lemma CHD_decomp_unique:
  assumes "CHD_decomp n a c h e" "CHD_decomp n a c' h' e'"
  shows "c = c' \<and> h = h' \<and> e = e'"
proof -
  have "c - c' \<in> tot C_lvl n" "h - h' \<in> tot H_lvl n" "e - e' \<in> D_tot n"
    using assms subspace_diff[OF subspace_C_tot] subspace_diff[OF subspace_H_tot]
      subspace_diff[OF subspace_D_tot]
    by (auto simp: CHD_decomp_def)
  moreover have "(c - c') + (h - h') + (e - e') = 0"
    using assms by (auto simp: CHD_decomp_def algebra_simps)
  ultimately show ?thesis using CHD_sum_eq_0D by fastforce
qed

lemma proj_eq:
  assumes "CHD_decomp n a c h e"
  shows "proj_C n a = c" "proj_H n a = h" "proj_D n a = e"
  unfolding proj_C_def proj_H_def proj_D_def
  by (rule the_equality; use assms CHD_decomp_unique in blast)+

lemma CHD_decomp_proj_F:
  assumes "a \<in> F p n"
  shows "CHD_decomp n a (proj_C n a) (proj_H n a) (proj_D n a)"
    and "proj_C n a \<in> F p n" "proj_H n a \<in> F p n" "proj_D n a \<in> F p n"
proof -
  obtain c h e where "c \<in> tot C_lvl n" "h \<in> tot H_lvl n" "e \<in> D_tot n"
    and F: "c \<in> F p n" "h \<in> F p n" "e \<in> F p n" and "a = c + h + e"
    by (rule CHD_decomp_F[OF assms])
  then have "CHD_decomp n a c h e" by (simp add: CHD_decomp_def)
  then show "CHD_decomp n a (proj_C n a) (proj_H n a) (proj_D n a)"
    "proj_C n a \<in> F p n" "proj_H n a \<in> F p n" "proj_D n a \<in> F p n"
    using F by (simp_all add: proj_eq)
qed

lemma CHD_decomp_proj: "a \<in> A n \<Longrightarrow> CHD_decomp n a (proj_C n a) (proj_H n a) (proj_D n a)"
  using A_F CHD_decomp_proj_F(1) by blast

lemma proj_C_tot: "a \<in> A n \<Longrightarrow> proj_C n a \<in> tot C_lvl n"
  and proj_H_tot: "a \<in> A n \<Longrightarrow> proj_H n a \<in> tot H_lvl n"
  and proj_D_tot: "a \<in> A n \<Longrightarrow> proj_D n a \<in> D_tot n"
  and proj_sum: "a \<in> A n \<Longrightarrow> a = proj_C n a + proj_H n a + proj_D n a"
  using CHD_decomp_proj unfolding CHD_decomp_def by blast+
(* Let $Q$ be a nontrivial qubit stabilizer code on $n$ physical qubits, and suppose the transversal rotation $Z(\theta_1)\otimes Z(\theta_2)\otimes\cdots\otimes Z(\theta_n)$, with arbitrary real angles $\theta_j$, implements a nontrivial logical gate on $Q$. Then, up to single-qubit factors whose combined action on the code is the logical identity, the transversal rotation is of the form $Z(a_1/2^{k})\otimes\cdots\otimes Z(a_n/2^{k})$ for integers $a_1,\dots,a_n$ and $k\ge 0$; i.e. the implemented logical gate coincides with the one implemented by such a rotation with all angles of the form $a/2^k$.
   Context: A stabilizer code on $n$ qubits is the common $+1$ eigenspace of an abelian subgroup $\mathcal{S}$ of the $n$-qubit Pauli group not containing $-I$. Logical operators are elements of the normalizer of $\mathcal{S}$ not in $\mathcal{S}$; the distance is the minimum weight of a Pauli logical operator; nontrivial means distance at least $2$. $Z(\theta)=\mathrm{diag}(1,e^{i\pi\theta})$. A transversal rotation implements a nontrivial logical gate if it maps the code space to itself and acts on it as a logical unitary that is not the identity up to global phase. *)

theory Defs
  imports Complex_Main
begin

text \<open>Computational basis of n qubits: bit strings (bool lists) of length n.
  Operators are matrices indexed by bit strings, vanishing outside the basis;
  states are functions from bit strings to complex amplitudes.\<close>

definition bitstrs :: "nat \<Rightarrow> bool list set" where
  "bitstrs n = {b. length b = n}"

type_synonym qmat = "bool list \<Rightarrow> bool list \<Rightarrow> complex"
type_synonym qvec = "bool list \<Rightarrow> complex"

definition mmult :: "nat \<Rightarrow> qmat \<Rightarrow> qmat \<Rightarrow> qmat" where
  "mmult n A B = (\<lambda>b d. \<Sum>c\<in>bitstrs n. A b c * B c d)"

definition mapply :: "nat \<Rightarrow> qmat \<Rightarrow> qvec \<Rightarrow> qvec" where
  "mapply n A v = (\<lambda>b. \<Sum>c\<in>bitstrs n. A b c * v c)"

definition idm :: "nat \<Rightarrow> qmat" where
  "idm n = (\<lambda>b d. if length b = n \<and> b = d then 1 else 0)"

definition mneg :: "qmat \<Rightarrow> qmat" where
  "mneg A = (\<lambda>b d. - A b d)"

definition madj :: "qmat \<Rightarrow> qmat" where
  "madj A = (\<lambda>b d. cnj (A d b))"

text \<open>The Pauli operator i^c X^x Z^z, acting as |b'> \<mapsto> i^c (-1)^(z.b') |b' xor x>.\<close>
definition pauli_mat :: "nat \<Rightarrow> nat \<Rightarrow> bool list \<Rightarrow> bool list \<Rightarrow> qmat" where
  "pauli_mat n c x z = (\<lambda>b b'.
     if length b = n \<and> length b' = n \<and> b = map2 (\<noteq>) x b'
     then \<i> ^ c * (-1) ^ length (filter id (map2 (\<and>) z b'))
     else 0)"

definition pauli_group :: "nat \<Rightarrow> qmat set" where
  "pauli_group n = {pauli_mat n c x z | c x z. length x = n \<and> length z = n}"

definition pweight :: "nat \<Rightarrow> bool list \<Rightarrow> bool list \<Rightarrow> nat" where
  "pweight n x z = card {j. j < n \<and> (x ! j \<or> z ! j)}"

definition stabilizer_group :: "nat \<Rightarrow> qmat set \<Rightarrow> bool" where
  "stabilizer_group n S \<longleftrightarrow>
     S \<subseteq> pauli_group n \<and> idm n \<in> S \<and>
     (\<forall>A\<in>S. \<forall>B\<in>S. mmult n A B \<in> S) \<and>
     (\<forall>A\<in>S. madj A \<in> S) \<and>
     (\<forall>A\<in>S. \<forall>B\<in>S. mmult n A B = mmult n B A) \<and>
     mneg (idm n) \<notin> S"

definition codespace :: "nat \<Rightarrow> qmat set \<Rightarrow> qvec set" where
  "codespace n S = {v. (\<forall>b. length b \<noteq> n \<longrightarrow> v b = 0) \<and> (\<forall>g\<in>S. mapply n g v = v)}"

definition is_logical :: "nat \<Rightarrow> qmat set \<Rightarrow> nat \<Rightarrow> bool list \<Rightarrow> bool list \<Rightarrow> bool" where
  "is_logical n S c x z \<longleftrightarrow>
     length x = n \<and> length z = n \<and>
     (\<lambda>A. mmult n (mmult n (pauli_mat n c x z) A) (madj (pauli_mat n c x z))) ` S = S \<and>
     (\<forall>c'. pauli_mat n c' x z \<notin> S)"

text \<open>Nontrivial: distance at least 2, i.e. every logical operator has weight \<ge> 2.\<close>
definition nontrivial_code :: "nat \<Rightarrow> qmat set \<Rightarrow> bool" where
  "nontrivial_code n S \<longleftrightarrow> (\<forall>c x z. is_logical n S c x z \<longrightarrow> pweight n x z \<ge> 2)"

text \<open>Transversal rotation Z(\<theta>_0) \<otimes> ... \<otimes> Z(\<theta>_(n-1)), Z(\<theta>) = diag(1, e^(i \<pi> \<theta>)).\<close>
definition zrot :: "nat \<Rightarrow> (nat \<Rightarrow> real) \<Rightarrow> qmat" where
  "zrot n \<theta> = (\<lambda>b d. if length b = n \<and> b = d
       then (\<Prod>j<n. if b ! j then cis (pi * \<theta> j) else 1) else 0)"

definition implements_nontrivial_logical :: "nat \<Rightarrow> qmat set \<Rightarrow> qmat \<Rightarrow> bool" where
  "implements_nontrivial_logical n S U \<longleftrightarrow>
     (\<forall>v\<in>codespace n S. mapply n U v \<in> codespace n S) \<and>
     \<not> (\<exists>c. \<forall>v\<in>codespace n S. mapply n U v = (\<lambda>b. c * v b))"

end

theory Submission
  imports Defs
begin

════

**Exercise requirements**
The lines to copy are those above that contain the string "diag".

**Task answer**
   Context: A stabilizer code on $n$ qubits is the common $+1$ eigenspace of an abelian subgroup $\mathcal{S}$ of the $n$-qubit Pauli group not containing $-I$. Logical operators are elements of the normalizer of $\mathcal{S}$ not in $\mathcal{S}$; the distance is the minimum weight of a Pauli logical operator; nontrivial means distance at least $2$. $Z(\theta)=\mathrm{diag}(1,e^{i\pi\theta})$. A transversal rotation implements a nontrivial logical gate if it maps the code space to itself and acts on it as a logical unitary that is not the identity up to global phase. *)
text \<open>Transversal rotation Z(\<theta>_0) \<otimes> ... \<otimes> Z(\<theta>_(n-1)), Z(\<theta>) = diag(1, e^(i \<pi> \<theta>)).\<close>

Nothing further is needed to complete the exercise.